lemma independent_cut_fields: "\<not> module.dependent fscale (range cut_field)"
proof -
  interpret vector_space fscale by (rule vector_space_fscale)
  show ?thesis
  proof
    assume "dependent (range cut_field)"
    then obtain t u where t: "finite t" "t \<subseteq> range cut_field" "(\<Sum>v\<in>t. fscale (u v) v) = 0"
      and nz: "\<exists>v\<in>t. u v \<noteq> 0"
      unfolding dependent_explicit by blast
    define T where "T = cut_field -` t"
    have T: "finite T" unfolding T_def using t(1) inj_cut_field by (simp add: finite_vimageI)
    have tT: "t = cut_field ` T" unfolding T_def using t(2) by auto
    have "(\<Sum>l\<in>T. u (cut_field l) * (if q < l then 1 else 0)) = 0" if "q \<in> \<rat>" for q
    proof -
      obtain k where k: "rat_enum k = q" using \<open>q \<in> \<rat>\<close> range_rat_enum by (metis rangeE)
      have "0 = coef (\<Sum>v\<in>t. fscale (u v) v) k" using t(3) by (simp add: coef_zero)
      also have "\<dots> = (\<Sum>v\<in>t. u v * coef v k)" using t(1) by (simp add: coef_sum coef_fscale)
      also have "\<dots> = (\<Sum>l\<in>T. u (cut_field l) * coef (cut_field l) k)"
        unfolding tT by (rule sum.reindex_cong[OF inj_on_subset[OF inj_cut_field subset_UNIV] refl refl])
      finally show ?thesis by (simp add: coef_cut_field k)
    qed
    then have "\<forall>l\<in>T. u (cut_field l) = 0" by (rule rational_steps_independent[OF T])
    then show False using nz tT by auto
  qed
qed
locale dominated_convex_monotone_family = convex_monotone_family F Lam
  for F :: "'l \<Rightarrow> real \<Rightarrow> 'a::{banach, ordered_real_vector, lattice} \<Rightarrow> 'a" and Lam :: "'l set" +
  fixes C :: "real \<Rightarrow> 'a \<Rightarrow> 'a"
  assumes Cbd: "\<forall>t\<ge>0. bounded_op (C t)"
    and JC: "\<forall>t\<ge>0. \<forall>\<pi>\<in>partitions t. \<forall>x. J_part F Lam \<pi> x \<le> C t x"
begin

abbreviation partition_values :: "real \<Rightarrow> 'a \<Rightarrow> 'a set" where
  "partition_values t x \<equiv> {J_part F Lam \<pi> x | \<pi>. \<pi> \<in> partitions t}"

definition envelope :: "real \<Rightarrow> 'a \<Rightarrow> 'a" where
  "envelope t x = lub_of (partition_values t x)"

lemma envelope_is_lub:
  assumes "0 \<le> t"
  shows "is_lub (envelope t x) (partition_values t x)"
proof -
  have "partition_values t x \<noteq> {}"
    using doubleton_in_partitions[OF assms] by blast
  moreover have "\<forall>y\<in>partition_values t x. y \<le> C t x"
    using JC assms by blast
  ultimately obtain s where lub: "is_lub s (partition_values t x)"
    using ex_is_lub[OF BL OC] by meson
  then show ?thesis unfolding envelope_def by (simp add: lub_of_eqI[OF lub])
qed

lemma J_part_le_envelope: "\<pi> \<in> partitions t \<Longrightarrow> J_part F Lam \<pi> x \<le> envelope t x"
  using envelope_is_lub[OF partitionsD(8)] by (auto intro: is_lub_upper)

lemma envelope_le:
  "0 \<le> t \<Longrightarrow> (\<And>\<pi>. \<pi> \<in> partitions t \<Longrightarrow> J_part F Lam \<pi> x \<le> u) \<Longrightarrow> envelope t x \<le> u"
  by (erule is_lub_least[OF envelope_is_lub]) blast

# WHAT YOU ARE ASKED TO DO:
Copy out the whole listing, exactly as written.

# ANSWER TO THIS PROBLEM:
lemma independent_cut_fields: "\<not> module.dependent fscale (range cut_field)"
proof -
  interpret vector_space fscale by (rule vector_space_fscale)
  show ?thesis
  proof
    assume "dependent (range cut_field)"
    then obtain t u where t: "finite t" "t \<subseteq> range cut_field" "(\<Sum>v\<in>t. fscale (u v) v) = 0"
      and nz: "\<exists>v\<in>t. u v \<noteq> 0"
      unfolding dependent_explicit by blast
    define T where "T = cut_field -` t"
    have T: "finite T" unfolding T_def using t(1) inj_cut_field by (simp add: finite_vimageI)
    have tT: "t = cut_field ` T" unfolding T_def using t(2) by auto
    have "(\<Sum>l\<in>T. u (cut_field l) * (if q < l then 1 else 0)) = 0" if "q \<in> \<rat>" for q
    proof -
      obtain k where k: "rat_enum k = q" using \<open>q \<in> \<rat>\<close> range_rat_enum by (metis rangeE)
      have "0 = coef (\<Sum>v\<in>t. fscale (u v) v) k" using t(3) by (simp add: coef_zero)
      also have "\<dots> = (\<Sum>v\<in>t. u v * coef v k)" using t(1) by (simp add: coef_sum coef_fscale)
      also have "\<dots> = (\<Sum>l\<in>T. u (cut_field l) * coef (cut_field l) k)"
        unfolding tT by (rule sum.reindex_cong[OF inj_on_subset[OF inj_cut_field subset_UNIV] refl refl])
      finally show ?thesis by (simp add: coef_cut_field k)
    qed
    then have "\<forall>l\<in>T. u (cut_field l) = 0" by (rule rational_steps_independent[OF T])
    then show False using nz tT by auto
  qed
qed
locale dominated_convex_monotone_family = convex_monotone_family F Lam
  for F :: "'l \<Rightarrow> real \<Rightarrow> 'a::{banach, ordered_real_vector, lattice} \<Rightarrow> 'a" and Lam :: "'l set" +
  fixes C :: "real \<Rightarrow> 'a \<Rightarrow> 'a"
  assumes Cbd: "\<forall>t\<ge>0. bounded_op (C t)"
    and JC: "\<forall>t\<ge>0. \<forall>\<pi>\<in>partitions t. \<forall>x. J_part F Lam \<pi> x \<le> C t x"
begin

abbreviation partition_values :: "real \<Rightarrow> 'a \<Rightarrow> 'a set" where
  "partition_values t x \<equiv> {J_part F Lam \<pi> x | \<pi>. \<pi> \<in> partitions t}"

definition envelope :: "real \<Rightarrow> 'a \<Rightarrow> 'a" where
  "envelope t x = lub_of (partition_values t x)"

lemma envelope_is_lub:
  assumes "0 \<le> t"
  shows "is_lub (envelope t x) (partition_values t x)"
proof -
  have "partition_values t x \<noteq> {}"
    using doubleton_in_partitions[OF assms] by blast
  moreover have "\<forall>y\<in>partition_values t x. y \<le> C t x"
    using JC assms by blast
  ultimately obtain s where lub: "is_lub s (partition_values t x)"
    using ex_is_lub[OF BL OC] by meson
  then show ?thesis unfolding envelope_def by (simp add: lub_of_eqI[OF lub])
qed

lemma J_part_le_envelope: "\<pi> \<in> partitions t \<Longrightarrow> J_part F Lam \<pi> x \<le> envelope t x"
  using envelope_is_lub[OF partitionsD(8)] by (auto intro: is_lub_upper)

lemma envelope_le:
  "0 \<le> t \<Longrightarrow> (\<And>\<pi>. \<pi> \<in> partitions t \<Longrightarrow> J_part F Lam \<pi> x \<le> u) \<Longrightarrow> envelope t x \<le> u"
  by (erule is_lub_least[OF envelope_is_lub]) blast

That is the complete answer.